Hello friends,
I have a DataFrame with specific values. I am trying to find specific values out of it.
*I/P -
|ID | text |
|:--|:------|
|1 | select distinct Col1 as OrderID from Table1 WHERE ( (Col3 Like '%ABC%') OR (Col3 Like '%DEF%') OR (Col3 Like '%EFG%'))|
|2 | select distinct Col1 as OrderID from Table1 WHERE (Col2 = 1234) AND( (Col3 Like '%XYZ%') OR (Col3 Like '%PQR%'))|
|3 | select distinct Col1 as OrderID from Table1 WHERE ( (Col3 Like '%MNO%') OR (Col3 Like '%PQR%'))|
|4 | select distinct Col1 as OrderID, 1 as Duration, 1 as Load from Table1 WHERE (Col3 Like '%PQR%')|
|5 | select distinct Col1 as OrderID from Table1 WHERE ( (Col4 = 'AA') OR (Col4 = 'BB') OR (Col4 = 'CC') OR (Col4 = 'DD')) AND (Col3 Like '%XYZ%')|
|6 | select distinct Col1 as OrderID from Table1 WHERE (Col1 = 1234)|
**O/P -
|ID | text_codes |
|:--|:------------|
|1 | ['ABC', 'DEF', 'EFG'] |
|2 | ['XYZ', 'PQR'] |
|3 | ['MNO', 'PQR'] |
|4 | ['PQR'] |
|5 | ['XYZ'] |
|6 | [] |
steps I have tried -
I got indexes of each code based on "Col3" keyword plus specific number of words, so intermediate output is
* O/P -
|ID | codes_idx |
|:--|:----------|
|1 | 71;94;117 |
|2 | 88;111 |
|3 | 71;94 |
|4 | 95 |
|5 | 141 |
|6 | |
Code for it -
def toString(x):
l = list(x)
ll = [str(i) for i in l]
return ';'.join(ll)
def getCodes(str1):
findStr = '(Col3 Like '
res = [i+14 for i in range(len(str1)) if str1.startswith(findStr, i) ]
return toString(res)
result = df2_query1.rdd.map(lambda x: (x[0], getCodes(x[0]) ) )
result.collect()
df_result = spark.createDataFrame(result)

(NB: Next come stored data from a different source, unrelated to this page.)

(* For all complex $q$ with $|q|<1$, $$F^{\rm od}_{\rm ed}(q)=\frac{q\,(-q;q^2)_\infty}{1-q}\left(1-\frac{(-q^2;q^2)_\infty}{(-q;q^2)_\infty}\right).$$
   Context: For $n\in\mathbb N_0\cup\{\infty\}$, $(a;q)_n:=\prod_{j=0}^{n-1}(1-aq^j)$. Define $$F^{\rm od}_{\rm ed}(q):=\sum_{n=0}^\infty q^{2n+2}(-q^2;q^2)_n(-q^{2n+3};q^2)_\infty,$$ the generating function for partitions into at least one even part, with even parts distinct, and odd parts distinct and all larger than every even part. *)

theory Defs
  imports "HOL-Analysis.Analysis"
begin

definition qpoch :: "complex \<Rightarrow> complex \<Rightarrow> nat \<Rightarrow> complex" where
  "qpoch a q n = (\<Prod>j<n. 1 - a * q ^ j)"

definition qpoch_inf :: "complex \<Rightarrow> complex \<Rightarrow> complex" where
  "qpoch_inf a q = (\<Prod>j. 1 - a * q ^ j)"

definition F_od_ed :: "complex \<Rightarrow> complex" where
  "F_od_ed q = (\<Sum>n. q ^ (2*n+2) * qpoch (- (q^2)) (q^2) n * qpoch_inf (- (q^(2*n+3))) (q^2))"

end

theory Submission
  imports Defs
begin

text \<open>
  Put \<open>A\<^sub>n = (c;b)\<^sub>n (a b\<^sup>n;b)\<^sub>\<infinity>\<close>. Peeling one factor off each product gives
  \<open>A\<^sub>n - A\<^sub>n\<^sub>+\<^sub>1 = (c - a) b\<^sup>n (c;b)\<^sub>n (a b\<^sup>n\<^sup>+\<^sup>1;b)\<^sub>\<infinity>\<close>, while \<open>A\<^sub>0 = (a;b)\<^sub>\<infinity>\<close> and
  \<open>A\<^sub>n \<rightarrow> (c;b)\<^sub>\<infinity>\<close>. Telescoping expresses \<open>(a;b)\<^sub>\<infinity> - (c;b)\<^sub>\<infinity>\<close> as a series.
  For \<open>a = -q\<close>, \<open>b = q\<^sup>2\<close>, \<open>c = -q\<^sup>2\<close> that series is \<open>(1 - q)/q\<close> times the series
  defining \<open>F\<^sup>o\<^sup>d\<^sub>e\<^sub>d(q)\<close>.
\<close>

lemma convergent_prod_qpoch:
  fixes a b :: complex
  assumes "norm b < 1"
  shows "convergent_prod (\<lambda>j. 1 - a * b ^ j)"
proof -
  have "summable (\<lambda>j. norm a * norm b ^ j)"
    using assms by (intro summable_mult summable_geometric) auto
  then have "summable (\<lambda>j. norm ((1 - a * b ^ j) - 1))"
    by (simp add: norm_mult norm_power)
  then show ?thesis
    by (intro abs_convergent_prod_imp_convergent_prod summable_imp_abs_convergent_prod)
qed

lemma qpoch_LIMSEQ:
  fixes a b :: complex
  assumes "norm b < 1"
  shows "(\<lambda>n. qpoch a b n) \<longlonglongrightarrow> qpoch_inf a b"
  using convergent_prod_LIMSEQ[OF convergent_prod_qpoch[OF assms, of a]]
  unfolding qpoch_def qpoch_inf_def
  by (simp add: LIMSEQ_lessThan_iff_atMost)

lemma norm_mult_power_less_one:
  fixes a b :: complex
  assumes "norm a < 1" "norm b \<le> 1"
  shows "norm (a * b ^ n) < 1"
proof -
  have "norm (a * b ^ n) \<le> norm a"
    using assms by (simp add: norm_mult norm_power mult_left_le power_le_one)
  with assms(1) show ?thesis
    by simp
qed

lemma qpoch_factor_nonzero:
  fixes a b :: complex
  assumes "norm a < 1" "norm b \<le> 1"
  shows "1 - a * b ^ j \<noteq> 0"
  using norm_mult_power_less_one[OF assms, of j] by auto

lemma qpoch_nonzero:
  fixes a b :: complex
  assumes "norm a < 1" "norm b \<le> 1"
  shows "qpoch a b n \<noteq> 0"
  using qpoch_factor_nonzero[OF assms] by (simp add: qpoch_def)

lemma qpoch_inf_nonzero:
  fixes a b :: complex
  assumes "norm a < 1" "norm b < 1"
  shows "qpoch_inf a b \<noteq> 0"
  unfolding qpoch_inf_def
  using assms by (intro prodinf_nonzero convergent_prod_qpoch qpoch_factor_nonzero) auto

lemma qpoch_Suc:
  "qpoch a b (Suc n) = qpoch a b n * (1 - a * b ^ n)"
  by (simp add: qpoch_def)

lemma qpoch_inf_split:
  fixes a b :: complex
  assumes "norm a < 1" "norm b < 1"
  shows "qpoch_inf a b = qpoch a b n * qpoch_inf (a * b ^ n) b"
proof -
  have "qpoch_inf a b = (\<Prod>i. 1 - a * b ^ (i + n)) * qpoch a b n"
    unfolding qpoch_inf_def qpoch_def using assms
    by (intro prodinf_split_initial_segment convergent_prod_qpoch qpoch_factor_nonzero) auto
  then show ?thesis
    by (simp add: qpoch_inf_def power_add algebra_simps)
qed

lemma qpoch_inf_unfold:
  fixes a b :: complex
  assumes "norm a < 1" "norm b < 1"
  shows "qpoch_inf a b = (1 - a) * qpoch_inf (a * b) b"
  using qpoch_inf_split[OF assms, of 1] by (simp add: qpoch_def)

lemma qpoch_inf_tail_LIMSEQ:
  fixes a b :: complex
  assumes "norm a < 1" "norm b < 1"
  shows "(\<lambda>n. qpoch_inf (a * b ^ n) b) \<longlonglongrightarrow> 1"
proof -
  have "(\<lambda>n. qpoch_inf a b / qpoch a b n) \<longlonglongrightarrow> qpoch_inf a b / qpoch_inf a b"
    using assms by (intro tendsto_divide tendsto_const qpoch_LIMSEQ qpoch_inf_nonzero)
  moreover have "qpoch_inf a b / qpoch a b n = qpoch_inf (a * b ^ n) b" for n
    using qpoch_inf_split[OF assms, of n] qpoch_nonzero[of a b n] assms by simp
  ultimately show ?thesis
    using qpoch_inf_nonzero[OF assms] by simp
qed

lemma qpoch_inf_diff_sums:
  fixes a b c :: complex
  assumes "norm a < 1" "norm b < 1"
  shows "(\<lambda>n. (c - a) * b ^ n * qpoch c b n * qpoch_inf (a * b ^ Suc n) b)
           sums (qpoch_inf a b - qpoch_inf c b)"
proof -
  define A where "A n = qpoch c b n * qpoch_inf (a * b ^ n) b" for n
  have unfold: "qpoch_inf (a * b ^ n) b = (1 - a * b ^ n) * qpoch_inf (a * b ^ Suc n) b" for n
    using qpoch_inf_unfold[of "a * b ^ n" b] norm_mult_power_less_one[of a b n] assms
    by (simp add: algebra_simps)
  have "A n - A (Suc n) = (c - a) * b ^ n * qpoch c b n * qpoch_inf (a * b ^ Suc n) b" for n
    unfolding A_def qpoch_Suc unfold[of n] by (simp add: algebra_simps)
  moreover have "A \<longlonglongrightarrow> qpoch_inf c b * 1"
    unfolding A_def using assms by (intro tendsto_mult qpoch_LIMSEQ qpoch_inf_tail_LIMSEQ)
  then have "(\<lambda>n. A n - A (Suc n)) sums (A 0 - qpoch_inf c b)"
    by (intro telescope_sums') simp
  moreover have "A 0 = qpoch_inf a b"
    by (simp add: A_def qpoch_def)
  ultimately show ?thesis
    by simp
qed

theorem theorem1p1:
  fixes q :: complex
  assumes "norm q < 1"
  shows "F_od_ed q = q * qpoch_inf (- q) (q^2) / (1 - q)
           * (1 - qpoch_inf (- (q^2)) (q^2) / qpoch_inf (- q) (q^2))"
proof -
  define P where "P = qpoch_inf (- q) (q^2)"
  define E where "E = qpoch_inf (- (q^2)) (q^2)"
  have q2: "norm (q^2) < 1"
    using assms by (simp add: norm_power power_less_one_iff)
  have "q \<noteq> 1"
    using assms by auto
  have "P \<noteq> 0"
    unfolding P_def using assms q2 by (intro qpoch_inf_nonzero) auto
  have "(\<lambda>n. q / (1 - q) * ((- (q^2) - - q) * (q^2) ^ n * qpoch (- (q^2)) (q^2) n
                              * qpoch_inf (- q * (q^2) ^ Suc n) (q^2)))
          sums (q / (1 - q) * (P - E))"
    unfolding P_def E_def
    by (intro sums_mult qpoch_inf_diff_sums) (use assms q2 in auto)
  moreover have "q / (1 - q) * ((- (q^2) - - q) * (q^2) ^ n * X) = q ^ (2*n+2) * X" for n X
    using \<open>q \<noteq> 1\<close> by (simp add: field_simps power_mult power2_eq_square)
  moreover have "- q * (q^2) ^ Suc n = - (q ^ (2*n+3))" for n
    by (simp flip: power_mult add: power_add eval_nat_numeral power_mult_distrib)
  ultimately have "F_od_ed q = q / (1 - q) * (P - E)"
    unfolding F_od_ed_def by (simp add: sums_iff mult.assoc)
  also have "\<dots> = q * P / (1 - q) * (1 - E / P)"
    using \<open>P \<noteq> 0\<close> \<open>q \<noteq> 1\<close> by (simp add: field_simps)
  finally show ?thesis
    unfolding P_def E_def .
qed

end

But when I tried to get substring function applied here.
res_list = []
for i in range(len(str1)):
idxi = str1.startswith(findStr, i)
res_str = substring(str1,idxi+14,3)
res_list.append(res_str)
I get Attribute Error -
org.apache.spark.SparkException: Job aborted due to stage failure: Task 0 in stage 64.0 failed 4 times, most recent failure: Lost task 0.3 in stage 64.0 (TID 118) (10.139.64.5 executor 1): org.apache.spark.api.python.PythonException: 'AttributeError: 'NoneType' object has no attribute '_jvm'', from <command-1021210642233982>, line 9. Full traceback below:
I am not sure what I am doing wrong here. Any help is appreciated.
Thanks,
Tejas